You're reading from  The Applied TensorFlow and Keras Workshop

Product type Book
Published in Jul 2020
Publisher Packt
ISBN-13 9781800201217
Pages 174 pages
Edition 1st Edition
Languages
Authors (2):
Harveen Singh Chadha Harveen Singh Chadha
Profile icon Harveen Singh Chadha
Luis Capelo Luis Capelo
Profile icon Luis Capelo
View More author details

Why Do Neural Networks Work So Well?

Why are neural networks so powerful? Neural networks are powerful because they can be used to predict any given function with reasonable approximation. If we can represent a problem as a mathematical function and we have data that represents that function correctly, a deep learning model can, given enough resources, be able to approximate that function. This is typically called the Universal Approximation Theorem. For more information, refer to Michael Nielsen: Neural Networks and Deep Learning: A visual proof that neural nets can compute any function, available at http://neuralnetworksanddeeplearning.com/chap4.html.
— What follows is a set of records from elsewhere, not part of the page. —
(* For every $n\ge0$, the localization $(\underline n\downarrow\mathbf{Fin})[\mathcal I^{-1}]$, obtained from the coslice category $(\underline n\downarrow\mathbf{Fin})$ by formally inverting all morphisms whose underlying map is injective, is a thin category.
   Context: $\mathbf{Fin}$ is the category with objects $\underline k=\{1,\dots,k\}$ for $k\ge0$ and morphisms all functions. $\mathcal I$ denotes the injective maps (inverting the injective order-preserving maps together with the isomorphisms inverts all injective maps). Objects of $(\underline n\downarrow\mathbf{Fin})$ are functions $\underline n\to\underline k$, morphisms are functions $\underline k\to\underline k'$ making the triangle commute. A category is thin if any two parallel morphisms are equal. *)

theory Defs
  imports "HOL-Library.FuncSet"
begin

text \<open>Finite ordinals are modelled 0-based: the set {..<k} stands for {1,...,k}.
  An object of the coslice category (n | Fin) is a pair (k, f) with f : {..<n} -> {..<k}
  (extensional, i.e. undefined outside {..<n}).\<close>

type_synonym cobj = "nat \<times> (nat \<Rightarrow> nat)"

definition cs_obj :: "nat \<Rightarrow> cobj \<Rightarrow> bool" where
  "cs_obj n a \<longleftrightarrow> snd a \<in> {..<n} \<rightarrow>\<^sub>E {..<fst a}"

definition cs_mor :: "nat \<Rightarrow> cobj \<Rightarrow> (nat \<Rightarrow> nat) \<Rightarrow> cobj \<Rightarrow> bool" where
  "cs_mor n a g b \<longleftrightarrow> cs_obj n a \<and> cs_obj n b \<and> g \<in> {..<fst a} \<rightarrow>\<^sub>E {..<fst b}
     \<and> (\<forall>i<n. g (snd a i) = snd b i)"

definition cs_id :: "cobj \<Rightarrow> (nat \<Rightarrow> nat)" where
  "cs_id a = restrict (\<lambda>x. x) {..<fst a}"

definition cs_comp :: "cobj \<Rightarrow> (nat \<Rightarrow> nat) \<Rightarrow> (nat \<Rightarrow> nat) \<Rightarrow> (nat \<Rightarrow> nat)" where
  "cs_comp a h g = compose {..<fst a} h g"

text \<open>Generating arrows of the localization: Fwd a g b is the morphism g : a -> b;
  Bwd b g a is the formal inverse (an arrow b -> a) of an injective morphism g : a -> b.\<close>
datatype edge = Fwd cobj "nat \<Rightarrow> nat" cobj | Bwd cobj "nat \<Rightarrow> nat" cobj

fun edge_ok :: "nat \<Rightarrow> edge \<Rightarrow> bool" where
  "edge_ok n (Fwd a g b) \<longleftrightarrow> cs_mor n a g b"
| "edge_ok n (Bwd b g a) \<longleftrightarrow> cs_mor n a g b \<and> inj_on g {..<fst a}"

fun edge_src :: "edge \<Rightarrow> cobj" where
  "edge_src (Fwd a g b) = a" | "edge_src (Bwd b g a) = b"

fun edge_tgt :: "edge \<Rightarrow> cobj" where
  "edge_tgt (Fwd a g b) = b" | "edge_tgt (Bwd b g a) = a"
theorem theorem1:
  fixes Lam A :: "real^'n^'n" and B :: "real^'m^'n"
    and Gam E :: "real^'m^'m" and C :: "real^'n^'m"
    and jf :: "'n \<Rightarrow> 'm"
    and u :: "nat \<Rightarrow> real^'n" and c :: "nat \<Rightarrow> real^'m"
  assumes Lam_diag: "\<forall>i j. i \<noteq> j \<longrightarrow> Lam $ i $ j = 0"
    and Lam_range: "\<forall>i. 0 < Lam $ i $ i \<and> Lam $ i $ i \<le> 1"
    and A_range: "\<forall>i j. 0 \<le> A $ i $ j \<and> A $ i $ j \<le> 1"
    and A_diag_pos: "\<forall>i. A $ i $ i \<noteq> 0"
    and B_range: "\<forall>i k. 0 \<le> B $ i $ k \<and> B $ i $ k \<le> 1"
    and B_partition: "\<forall>i k. k \<noteq> jf i \<longrightarrow> B $ i $ k = 0"
    and AB_stoch: "\<forall>i. (\<Sum>j\<in>UNIV. A $ i $ j) + (\<Sum>k\<in>UNIV. B $ i $ k) = 1"
    and Gam_diag: "\<forall>k l. k \<noteq> l \<longrightarrow> Gam $ k $ l = 0"
    and Gam_range: "\<forall>k. 0 \<le> Gam $ k $ k \<and> Gam $ k $ k \<le> 1"
    and E_diag: "\<forall>k l. k \<noteq> l \<longrightarrow> E $ k $ l = 0"
    and E_range: "\<forall>k. 0 \<le> E $ k $ k \<and> E $ k $ k \<le> 1"
    and C_range: "\<forall>k i. 0 \<le> C $ k $ i \<and> C $ k $ i \<le> 1"
    and C_partition: "\<forall>k i. jf i \<noteq> k \<longrightarrow> C $ k $ i = 0"
    and EC_stoch: "\<forall>k. E $ k $ k + (\<Sum>i\<in>UNIV. C $ k $ i) = 1"
    and u0_range: "\<forall>i. \<bar>u 0 $ i\<bar> \<le> 1"
    and c0_range: "\<forall>k. \<bar>c 0 $ k\<bar> \<le> 1"
    and u_step: "\<forall>t. u (Suc t) = ((mat 1 - Lam) ** A) *v u t + Lam *v u 0
                                   + ((mat 1 - Lam) ** B) *v c t"
    and c_step: "\<forall>t. c (Suc t) = ((mat 1 - Gam) ** E) *v c t + Gam *v c 0
                                   + ((mat 1 - Gam) ** C) *v u t"
  shows "(\<exists>ustar. u \<longlonglongrightarrow> ustar) \<and>
         (\<forall>i. (\<Sum>j\<in>UNIV. A $ i $ j) + (\<Sum>k\<in>UNIV. B $ i $ k) = 1)"
proof -
  interpret user_creator_dynamics Lam A B Gam E C u c
  proof
    show "(\<Sum>j\<in>UNIV. A $ i $ j) + (\<Sum>k\<in>UNIV. B $ i $ k) \<le> 1" for i
      using AB_stoch by simp
    show "E $ k $ k + (\<Sum>i\<in>UNIV. C $ k $ i) \<le> 1" for k
      using EC_stoch by simp
  qed (use Lam_diag Lam_range A_range B_range Gam_diag Gam_range E_diag E_range C_range
         u_step c_step in auto)
  show ?thesis
    using u_convergent AB_stoch by (simp add: convergent_def)
qed
lemma residue_class_eq_image:
  fixes p q r :: nat
  assumes "r < q"
  shows "{d. d < p \<and> d mod q = r} = (\<lambda>i. q * i + r) ` {..<(p + q - Suc r) div q}"
proof -
  have bound: "q * i + r < p \<longleftrightarrow> i < (p + q - Suc r) div q" for i
  proof -
    have "i < (p + q - Suc r) div q \<longleftrightarrow> Suc i * q \<le> p + q - Suc r"
      using assms less_eq_div_iff_mult_less_eq[of q "Suc i" "p + q - Suc r"] by (simp add: Suc_le_eq)
    then show ?thesis
      using assms by (simp add: algebra_simps, arith)
  qed
  show ?thesis
  proof (intro set_eqI iffI)
    fix d assume "d \<in> {d. d < p \<and> d mod q = r}"
    then have "d = q * (d div q) + r" "d div q < (p + q - Suc r) div q"
      using bound[of "d div q"] by (auto simp: mult_div_mod_eq)
    then show "d \<in> (\<lambda>i. q * i + r) ` {..<(p + q - Suc r) div q}"
      by blast
  next
    fix d assume "d \<in> (\<lambda>i. q * i + r) ` {..<(p + q - Suc r) div q}"
    then obtain i where "i < (p + q - Suc r) div q" "d = q * i + r"
      by blast
    then show "d \<in> {d. d < p \<and> d mod q = r}"
      using assms bound[of i] by simp
  qed
qed

locale arithmetic_digit_set =
  fixes p q r :: nat and A :: "nat set"
  assumes two_le_card: "2 \<le> card A"
    and card_le: "card A \<le> p"
    and digit_map_eq: "\<And>i. i < card A \<Longrightarrow> digit_map A i = q * i + r"
begin

abbreviation s :: nat where "s \<equiv> card A"

abbreviation \<alpha> :: real where "\<alpha> \<equiv> log (real s) (real p)"

lemma one_le_\<alpha>: "1 \<le> \<alpha>"
  using two_le_card card_le by (simp add: le_log_iff)

lemma s_powr_\<alpha>: "real s powr \<alpha> = real p"
  using two_le_card card_le by simp

lemma p_gt_1: "1 < real p"
  using two_le_card card_le by simp

lemma a_seq_eq:
  fixes n :: nat
  defines "ds \<equiv> base_digits s n"
  shows "(real p - 1) * real (a_seq p A n)
    = real q * ((real p - 1) * digits_value p ds) + real r * (real p ^ length ds - 1)"
proof -
  have "digit_map A (ds ! i) = q * ds ! i + r" if "i < length ds" for i
    using base_digits_less[OF two_le_card nth_mem[OF that[unfolded ds_def]]] digit_map_eq
    by (simp add: ds_def)
  then have "a_seq p A n = (\<Sum>i<length ds. (q * ds ! i + r) * p ^ i)"
    unfolding a_seq_def Let_def ds_def[symmetric] by (intro sum.cong) auto
  then have "real (a_seq p A n) = digits_value p (map (\<lambda>d. q * d + r) ds)"
    by (simp add: digits_value_def)
  also have "\<dots> = real q * digits_value p ds + real r * (\<Sum>i<length ds. real p ^ i)"
    by (rule digits_value_affine)
  finally show ?thesis
    by (simp add: power_diff_1_eq algebra_simps)
qed

lemma base_digits_less_value:
  "\<forall>d\<in>set (base_digits s n). d < s" "digits_value s (base_digits s n) = real n"
  using base_digits_less[OF two_le_card] digits_value_base_digits[OF two_le_card] by auto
We will not be exploring mathematical proofs of the universality principle in this book. However, two characteristics of neural networks should give you the right intuition on how to understand that principle: representation learning and function approximation.

Note

For more information, refer to A Brief Survey of Deep Reinforcement Learning, Kai Arulkumaran, Marc Peter Deisenroth, Miles Brundage, and Anil Anthony Bharath, arXiv, September 28, 2017, available at https://www.arxiv-vanity.com/papers/1708.05866/.

Representation Learning

The data used to train a neural network contains representations (also known as features) that explain the problem you are trying to solve. For instance, if we are interested in recognizing faces from images, the color values of each pixel from a set of images that contain faces will be used as a starting point. The model will then continuously learn higher-level representations by combining pixels together as it goes through its training process. A pictorial depiction is displayed here:

Figure 1.1: A series of higher-level representations based on input data

Figure 1.1: A series of higher-level representations based on input data

Note

Figure 1.1 is a derivate image based on an original image from Yann LeCun, Yoshua Bengio, and Geoffrey Hinton in Deep Learning, published in Nature, 521, 436–444 (28 May 2015) doi:10.1038/ nature14539. You can find the paper at: https://www.nature.com/articles/nature14539.
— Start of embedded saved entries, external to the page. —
lemma cond_mean_eq_trunc_mean:
  assumes "\<sigma> > 0" "T > 0" "x > 0"
  shows "cond_mean \<sigma> T x = trunc_mean (\<sigma> * sqrt T) (ln x / (\<sigma> * sqrt T) + \<sigma> * sqrt T / 2)"
proof -
  define s where "s = \<sigma> * sqrt T"
  define t where "t = ln x / s + s / 2"
  have s: "s > 0"
    using assms by (simp add: s_def)
  have v: "vT \<sigma> T z = exp (s * z - s\<^sup>2 / 2)" for z
    using assms by (simp add: vT_eq_tilt s_def)
  have below: "exp (s * z - s\<^sup>2 / 2) < x \<longleftrightarrow> z < t" for z
    unfolding t_def using exp_tilt_less_iff[OF s \<open>x > 0\<close>] .
  have "(\<integral>z. (if vT \<sigma> T z < x then vT \<sigma> T z else 0) \<partial>stdN)
      = (\<integral>z. phi z * (if vT \<sigma> T z < x then vT \<sigma> T z else 0) \<partial>lborel)"
    by (rule integral_stdN) measurable
  also have "\<dots> = (LINT z:{..<t}|lborel. phi (z - s))"
    unfolding set_lebesgue_integral_def
  proof (rule Bochner_Integration.integral_cong[OF refl])
    show "phi z * (if vT \<sigma> T z < x then vT \<sigma> T z else 0) = indicator {..<t} z *\<^sub>R phi (z - s)" for z
      using phi_tilt[of s z] by (simp add: v below indicator_def mult.commute)
  qed
  also have "\<dots> = Phi (t - s)"
    by (rule set_integral_phi_shift_lessThan)
  moreover have "{z. vT \<sigma> T z < x} = {..<t}"
    using below by (auto simp: v)
  ultimately show ?thesis
    unfolding cond_mean_def by (simp add: Phi_lessThan trunc_mean_def t_def s_def)
qed
(* Let $p \in (0,1]$, let $s = 1/p \geq 1$, and let $q = 1-p$. For integers $1 \le n \le s$ define $$x_n = \sum_{k=1}^n\binom{n}{k}(-1)^{k+1}\frac{1}{1-q^k}, \qquad y_n = \sum_{k=1}^n\binom{n}{k}(-1)^{k+1}\frac{1+q^k}{(1-q^k)^2}$$ (these are $\mathbb{E}(Y_n^s)$ and $\mathbb{E}((Y_n^s)^2)$ where $Y_n^s$ is the maximum of $n$ independent geometric random variables on $\{1,2,\dots\}$ with parameter $p$). Then $y_1 = (2-p)/p^2$, and for every integer $n$ with $1 < n \le s$, $$y_n \;=\; \frac{\sum_{i=1}^{n-1}\binom{n}{i} p^i (1 - p)^{n - i}\, y_{n-i} \;-\; 1 \;+\; 2x_n}{1- (1 - p)^{n}}.$$ That is, the sequence $(y_n)$ is the solution of this recurrence with initial value $(2-p)/p^2$.
   Context: A geometric random variable with parameter $p$ on $\{1,2,\dots\}$ has $\mathbb{P}(Z=m)=(1-p)^{m-1}p$ for $m\ge1$. *)

theory Defs
  imports Complex_Main
begin

definition xmax :: "real \<Rightarrow> nat \<Rightarrow> real" where
  "xmax p n = (\<Sum>k=1..n. real (n choose k) * (-1) ^ (k + 1) * (1 / (1 - (1 - p) ^ k)))"

definition ymax :: "real \<Rightarrow> nat \<Rightarrow> real" where
  "ymax p n = (\<Sum>k=1..n. real (n choose k) * (-1) ^ (k + 1)
      * ((1 + (1 - p) ^ k) / (1 - (1 - p) ^ k) ^ 2))"

end

theory Submission
  imports Defs
begin

(* Write A g n for the alternating binomial sum of g, so that x_n and y_n are A applied to
   1/(1 - q^k) and (1 + q^k)/(1 - q^k)^2.  Exchanging summations, with
   C(n,i) C(n-i,k) = C(n,k) C(n-k,i) and the binomial theorem, gives the mixture identity
   sum_i C(n,i) p^i q^(n-i) A g (n-i) = A (q^k g k) n: the algebraic form of conditioning on
   how many of the n geometric variables succeed at the first trial.  For the second moment
   q^k g k = g k - 2/(1 - q^k) + 1, and A 1 n = 1, so the mixture of the y_(n-i) equals
   y_n - 2 x_n + 1.  Its i = 0 term is q^n y_n and its i = n term vanishes; solving for y_n
   gives the recurrence. *)

lemma choose_mult_choose_diff:
  "(n choose i) * ((n - i) choose k) = (n choose k) * ((n - k) choose i)"
proof (cases "i + k \<le> n")
  case True
  have "(n choose i) * ((n - i) choose k) = (n choose (i + k)) * ((i + k) choose i)"
    using choose_mult[of i "i + k" n] True by simp
  also have "\<dots> = (n choose (i + k)) * ((i + k) choose k)"
    using binomial_symmetric[of k "i + k"] by simp
  also have "\<dots> = (n choose k) * ((n - k) choose i)"
    using choose_mult[of k "i + k" n] True by simp
  finally show ?thesis .
next
  case False
  then show ?thesis
    by (cases "k \<le> n"; cases "i \<le> n") (auto simp: binomial_eq_0)
qed

lemma sum_choose_mult_choose_diff:
  fixes p q :: "'a::comm_semiring_1"
  shows "(\<Sum>i\<le>n. of_nat (n choose i) * of_nat ((n - i) choose k) * p ^ i * q ^ (n - i))
    = of_nat (n choose k) * q ^ k * (p + q) ^ (n - k)"
proof (cases "k \<le> n")
  case True
  have "(\<Sum>i\<le>n. of_nat (n choose i) * of_nat ((n - i) choose k) * p ^ i * q ^ (n - i))
      = (\<Sum>i\<le>n. of_nat (n choose k) * of_nat ((n - k) choose i) * p ^ i * q ^ (n - i))"
    by (simp only: choose_mult_choose_diff flip: of_nat_mult)
  also have "\<dots> = (\<Sum>i\<le>n - k.
      of_nat (n choose k) * of_nat ((n - k) choose i) * p ^ i * q ^ (n - i))"
    by (rule sum.mono_neutral_right) (auto simp: binomial_eq_0)
  also have "\<dots> = of_nat (n choose k) * q ^ k *
      (\<Sum>i\<le>n - k. of_nat ((n - k) choose i) * p ^ i * q ^ (n - k - i))"
    unfolding sum_distrib_left
  proof (rule sum.cong)
    fix i assume "i \<in> {..n - k}"
    then have "q ^ (n - i) = q ^ k * q ^ (n - k - i)"
      using True by (simp add: power_add [symmetric])
    then show "of_nat (n choose k) * of_nat ((n - k) choose i) * p ^ i * q ^ (n - i)
        = of_nat (n choose k) * q ^ k * (of_nat ((n - k) choose i) * p ^ i * q ^ (n - k - i))"
      by (simp add: ac_simps)
  qed simp
  also have "\<dots> = of_nat (n choose k) * q ^ k * (p + q) ^ (n - k)"
    by (simp add: binomial_ring)
  finally show ?thesis .
next
  case False
  then show ?thesis
    by (simp add: binomial_eq_0)
qed

definition alt_binomial_sum :: "(nat \<Rightarrow> 'a::comm_ring_1) \<Rightarrow> nat \<Rightarrow> 'a" where
  "alt_binomial_sum g n = (\<Sum>k=1..n. of_nat (n choose k) * (-1) ^ (k + 1) * g k)"

lemma alt_binomial_sum_cong:
  "(\<And>k. 1 \<le> k \<Longrightarrow> k \<le> n \<Longrightarrow> f k = g k) \<Longrightarrow>
    alt_binomial_sum f n = alt_binomial_sum g n"
  unfolding alt_binomial_sum_def by (rule sum.cong) auto

lemma alt_binomial_sum_extend:
  assumes "n \<le> N"
  shows "alt_binomial_sum g n = (\<Sum>k=1..N. of_nat (n choose k) * (-1) ^ (k + 1) * g k)"
  unfolding alt_binomial_sum_def
  by (rule sum.mono_neutral_left) (use assms in \<open>auto simp: binomial_eq_0\<close>)

lemma alt_binomial_sum_add:
  "alt_binomial_sum (\<lambda>k. f k + g k) n = alt_binomial_sum f n + alt_binomial_sum g n"
  unfolding alt_binomial_sum_def by (simp only: distrib_left sum.distrib)

lemma alt_binomial_sum_diff:
  "alt_binomial_sum (\<lambda>k. f k - g k) n = alt_binomial_sum f n - alt_binomial_sum g n"
  unfolding alt_binomial_sum_def by (simp only: right_diff_distrib sum_subtractf)

lemma alt_binomial_sum_mult:
  "alt_binomial_sum (\<lambda>k. c * g k) n = c * alt_binomial_sum g n"
  by (simp add: alt_binomial_sum_def sum_distrib_left ac_simps)

lemma alt_binomial_sum_one:
  assumes "n \<ge> 1"
  shows "alt_binomial_sum (\<lambda>_. 1) n = 1"
proof -
  have "0 = (-1 + 1 :: 'a) ^ n"
    using assms by (simp add: power_0_left)
  also have "\<dots> = (\<Sum>k\<le>n. of_nat (n choose k) * (-1) ^ k)"
    unfolding binomial_ring by simp
  also have "\<dots> = 1 - alt_binomial_sum (\<lambda>_. 1) n"
    by (simp add: alt_binomial_sum_def atMost_atLeast0 sum.atLeast_Suc_atMost sum_negf)
  finally show ?thesis
    by simp
qed

lemma alt_binomial_sum_binomial_mixture:
  fixes p q :: "'a::comm_ring_1"
  assumes "p + q = 1"
  shows "(\<Sum>i\<le>n. of_nat (n choose i) * p ^ i * q ^ (n - i) * alt_binomial_sum g (n - i))
    = alt_binomial_sum (\<lambda>k. q ^ k * g k) n"
proof -
  have "(\<Sum>i\<le>n. of_nat (n choose i) * p ^ i * q ^ (n - i) * alt_binomial_sum g (n - i))
      = (\<Sum>i\<le>n. \<Sum>k=1..n. (-1) ^ (k + 1) * g k *
           (of_nat (n choose i) * of_nat ((n - i) choose k) * p ^ i * q ^ (n - i)))"
    by (simp add: alt_binomial_sum_extend [of _ n] sum_distrib_left ac_simps)
  also have "\<dots> = (\<Sum>k=1..n. (-1) ^ (k + 1) * g k *
           (\<Sum>i\<le>n. of_nat (n choose i) * of_nat ((n - i) choose k) * p ^ i * q ^ (n - i)))"
    by (simp add: sum.swap [of _ "{..n}"] sum_distrib_left)
  also have "\<dots> = alt_binomial_sum (\<lambda>k. q ^ k * g k) n"
    by (simp only: sum_choose_mult_choose_diff assms) (simp add: alt_binomial_sum_def ac_simps)
  finally show ?thesis .
qed

lemma mult_one_plus_over_one_minus_sq:
  fixes t :: "'a::field"
  assumes "t \<noteq> 1"
  shows "t * ((1 + t) / (1 - t) ^ 2) = (1 + t) / (1 - t) ^ 2 - 2 * (1 / (1 - t)) + 1"
proof -
  have "1 - t \<noteq> 0"
    using assms by simp
  then show ?thesis
    by (simp add: divide_simps) algebra
qed

lemma power_one_minus_less_one:
  fixes p :: "'a::linordered_idom"
  assumes "0 < p" "p \<le> 1" "1 \<le> k"
  shows "(1 - p) ^ k < 1"
  using assms by (simp add: power_less_one_iff)

lemma ymax_binomial_mixture:
  fixes p :: real
  assumes "0 < p" "p \<le> 1" "1 \<le> n"
  shows "(\<Sum>i\<le>n. real (n choose i) * p ^ i * (1 - p) ^ (n - i) * ymax p (n - i))
    = ymax p n - 2 * xmax p n + 1"
proof -
  define q where "q = 1 - p"
  define f where "f k = (1 + q ^ k) / (1 - q ^ k) ^ 2" for k :: nat
  define g where "g k = 1 / (1 - q ^ k)" for k :: nat
  have ymax_eq: "ymax p = alt_binomial_sum f"
    by (simp add: fun_eq_iff ymax_def alt_binomial_sum_def f_def q_def)
  have xmax_eq: "xmax p = alt_binomial_sum g"
    by (simp add: fun_eq_iff xmax_def alt_binomial_sum_def g_def q_def)
  have shift: "q ^ k * f k = f k - 2 * g k + 1" if "1 \<le> k" for k
    unfolding f_def g_def
    by (rule mult_one_plus_over_one_minus_sq)
      (use power_one_minus_less_one [OF assms(1,2) that] in \<open>simp add: q_def\<close>)
  have "(\<Sum>i\<le>n. real (n choose i) * p ^ i * q ^ (n - i) * alt_binomial_sum f (n - i))
      = alt_binomial_sum (\<lambda>k. q ^ k * f k) n"
    by (rule alt_binomial_sum_binomial_mixture) (simp add: q_def)
  also have "\<dots> = alt_binomial_sum (\<lambda>k. f k - 2 * g k + 1) n"
    by (rule alt_binomial_sum_cong) (simp add: shift)
  also have "\<dots> = alt_binomial_sum f n - 2 * alt_binomial_sum g n + 1"
    using assms by (simp add: alt_binomial_sum_add alt_binomial_sum_diff alt_binomial_sum_mult
        alt_binomial_sum_one)
  finally show ?thesis
    by (simp add: ymax_eq xmax_eq q_def)
qed

theorem theoremB4:
  fixes p :: real
  assumes "0 < p" and "p \<le> 1"
  shows "ymax p 1 = (2 - p) / p ^ 2
    \<and> (\<forall>n::nat. 1 < n \<and> real n \<le> 1 / p \<longrightarrow>
         ymax p n = ((\<Sum>i=1..n-1. real (n choose i) * p ^ i * (1 - p) ^ (n - i) * ymax p (n - i))
                      - 1 + 2 * xmax p n) / (1 - (1 - p) ^ n))"
proof (intro conjI allI impI)
  show "ymax p 1 = (2 - p) / p ^ 2"
    using assms by (simp add: ymax_def field_simps power2_eq_square)
next
  fix n :: nat
  assume "1 < n \<and> real n \<le> 1 / p"
  then have n: "1 < n" by simp
  define S where
    "S = (\<Sum>i=1..n-1. real (n choose i) * p ^ i * (1 - p) ^ (n - i) * ymax p (n - i))"
  have "(\<Sum>i\<le>n. real (n choose i) * p ^ i * (1 - p) ^ (n - i) * ymax p (n - i))
      = (1 - p) ^ n * ymax p n + S"
    using n by (cases n)
      (simp_all add: S_def atMost_atLeast0 sum.atLeast_Suc_atMost ymax_def [of _ 0])
  then have "(1 - (1 - p) ^ n) * ymax p n = S - 1 + 2 * xmax p n"
    using ymax_binomial_mixture [of p n] assms n by (simp add: algebra_simps)
  moreover have "(1 - p) ^ n \<noteq> 1"
    using power_one_minus_less_one [OF assms, of n] n by simp
  ultimately show "ymax p n = (S - 1 + 2 * xmax p n) / (1 - (1 - p) ^ n)"
    by (simp add: field_simps)
qed

end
In formal words, neural networks are computation graphs in which each step computes higher abstraction representations from input data. Each of these steps represents a progression into a different abstraction layer. Data progresses through each of these layers, thereby building higher-level representations. The process finishes with the highest representation possible: the one the model is trying to predict.

Function Approximation

When neural networks learn new representations of data, they do so by combining weights and biases with neurons from different layers. They adjust the weights of these connections every time a training cycle occurs using a mathematical technique called backpropagation. The weights and biases improve at each round, up to the point that an optimum is achieved. This means that a neural network can measure how wrong it is on every training cycle, adjust the weights and biases of each neuron, and try again. If it determines that a certain modification produces better results than the previous round, it will invest in that modification until an optimal solution is achieved.

So basically, in a single cycle, three things happen. The first one is forward propagation where we calculate the results using weights, biases, and inputs. In the second step, we calculate how far the calculated value is from the expected value using a loss function. The final step is to update the weights and biases moving in the reverse direction of forward propagation, which is called backpropagation.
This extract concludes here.